Goal of the exercise
From the data that follows, print exactly the lines starting at the one containing "text \<open>Degree sequence" and ending at the one containing "Let \<open>a\<^sub>t\<close> be"; include both of them and nothing more.

Task inputs
(* Let $n\ge 6$ and let $G\in B^{+}_n$. (1) $\mathrm{irr}_t(G)\ge 2n-2$. Equality holds if and only if the degree sequence of $G$ is $(4,2,\ldots,2)$, i.e. one vertex of degree $4$ and $n-1$ vertices of degree $2$. (2) If the degree sequence of $G$ is not $(4,2,\ldots,2)$, then $\mathrm{irr}_t(G)\ge 4n-6$. Equality holds if and only if the degree sequence of $G$ is $(4,3,2,\ldots,2,1)$, i.e. one vertex of degree $4$, one of degree $3$, $n-3$ of degree $2$ and one of degree $1$.
   Context: A bicyclic graph is a simple connected graph whose number of edges equals its number of vertices plus one. For a graph $G=(V,E)$ and $w\in V$, $d_G(w)$ is the degree of $w$. The total irregularity is $\mathrm{irr}_t(G)=\frac12\sum_{x,y\in V}|d_G(x)-d_G(y)|$, where the sum runs over all ordered pairs of vertices. Degree sequences are listed in nonincreasing order. For $p,q\ge 3$ and $l\ge 1$, the $\infty$-graph $\infty(p,q,l)$ is obtained from two vertex-disjoint cycles $C_p$ and $C_q$ by joining a vertex of $C_p$ and a vertex of $C_q$ with a path having $l$ vertices (i.e. length $l-1$). When $l=1$ the two vertices are identified, so the cycles share exactly one vertex. $B^{+}_n$ denotes the set of bicyclic graphs on $n$ vertices obtained from some $\infty(p,q,1)$ by attaching trees. Equivalently, these are the bicyclic graphs on $n$ vertices whose two cycles share exactly one vertex. *)

theory Defs
  imports Complex_Main "HOL-Library.Multiset"
begin

definition simple_graph :: "'a set \<Rightarrow> 'a set set \<Rightarrow> bool" where
  "simple_graph V E \<longleftrightarrow> finite V \<and> (\<forall>e\<in>E. e \<subseteq> V \<and> card e = 2)"

definition adj :: "'a set set \<Rightarrow> 'a \<Rightarrow> 'a \<Rightarrow> bool" where
  "adj E u v \<longleftrightarrow> {u, v} \<in> E"

definition connected_graph :: "'a set \<Rightarrow> 'a set set \<Rightarrow> bool" where
  "connected_graph V E \<longleftrightarrow> V \<noteq> {} \<and> (\<forall>u\<in>V. \<forall>v\<in>V. (adj E)\<^sup>*\<^sup>* u v)"

definition degree :: "'a set set \<Rightarrow> 'a \<Rightarrow> nat" where
  "degree E w = card {e \<in> E. w \<in> e}"

definition bicyclic :: "'a set \<Rightarrow> 'a set set \<Rightarrow> bool" where
  "bicyclic V E \<longleftrightarrow> simple_graph V E \<and> connected_graph V E \<and> card E = card V + 1"

definition is_cycle :: "'a set set \<Rightarrow> 'a list \<Rightarrow> bool" where
  "is_cycle E cs \<longleftrightarrow> length cs \<ge> 3 \<and> distinct cs \<and>
     (\<forall>i < length cs. {cs ! i, cs ! ((i + 1) mod length cs)} \<in> E)"

text \<open>B^+_n (with n = card V): bicyclic graphs whose two cycles share exactly one vertex.\<close>
definition B_plus :: "'a set \<Rightarrow> 'a set set \<Rightarrow> bool" where
  "B_plus V E \<longleftrightarrow> bicyclic V E \<and>
     (\<exists>c1 c2. is_cycle E c1 \<and> is_cycle E c2 \<and> card (set c1 \<inter> set c2) = 1)"

definition total_irregularity :: "'a set \<Rightarrow> 'a set set \<Rightarrow> real" where
  "total_irregularity V E =
     (1/2) * (\<Sum>x\<in>V. \<Sum>y\<in>V. \<bar>real (degree E x) - real (degree E y)\<bar>)"

text \<open>Degree sequence as a multiset (the nonincreasing list is its sorted form).\<close>
definition degree_seq :: "'a set \<Rightarrow> 'a set set \<Rightarrow> nat multiset" where
  "degree_seq V E = image_mset (degree E) (mset_set V)"

end

theory Submission
  imports Defs
begin

text \<open>Only the degrees matter. In a bicyclic graph on \<open>n\<close> vertices the degrees are
  positive and sum to \<open>2n + 2\<close>, and the vertex shared by the two cycles has degree at least 4.
  Let \<open>a\<^sub>t\<close> be the number of vertices of degree greater than \<open>t\<close>; then \<open>a\<^sub>0 = n\<close>,
  \<open>\<Sum>\<^sub>t a\<^sub>t = 2n + 2\<close>, and by the layer-cake principle the total irregularity is
  \<open>\<Sum>\<^sub>t a\<^sub>t (n - a\<^sub>t)\<close>. If some degree exceeds 4, the terms \<open>t = 1, \<dots>, 4\<close> each
  contribute at least \<open>n - 1\<close>. Otherwise only \<open>a\<^sub>1 \<ge> a\<^sub>2 \<ge> a\<^sub>3 \<ge> 1\<close> with
  \<open>a\<^sub>1 + a\<^sub>2 + a\<^sub>3 = n + 2\<close> remain, and the three possibilities \<open>a\<^sub>1 = n\<close>,
  \<open>a\<^sub>1 = n - 1\<close>, \<open>a\<^sub>1 \<le> n - 2\<close> give the degree sequence \<open>(4,2,\<dots>,2)\<close>, the degree
  sequence \<open>(4,3,2,\<dots>,2,1)\<close>, and the bound \<open>5n - 9\<close>, respectively.\<close>

lemma simple_graph_finite_edges: "simple_graph V E \<Longrightarrow> finite E"
  unfolding simple_graph_def by (meson Pow_iff finite_Pow_iff finite_subset subsetI)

Reply
text \<open>Degree sequence as a multiset (the nonincreasing list is its sorted form).\<close>
definition degree_seq :: "'a set \<Rightarrow> 'a set set \<Rightarrow> nat multiset" where
  "degree_seq V E = image_mset (degree E) (mset_set V)"

end

theory Submission
  imports Defs
begin

text \<open>Only the degrees matter. In a bicyclic graph on \<open>n\<close> vertices the degrees are
  positive and sum to \<open>2n + 2\<close>, and the vertex shared by the two cycles has degree at least 4.
  Let \<open>a\<^sub>t\<close> be the number of vertices of degree greater than \<open>t\<close>; then \<open>a\<^sub>0 = n\<close>,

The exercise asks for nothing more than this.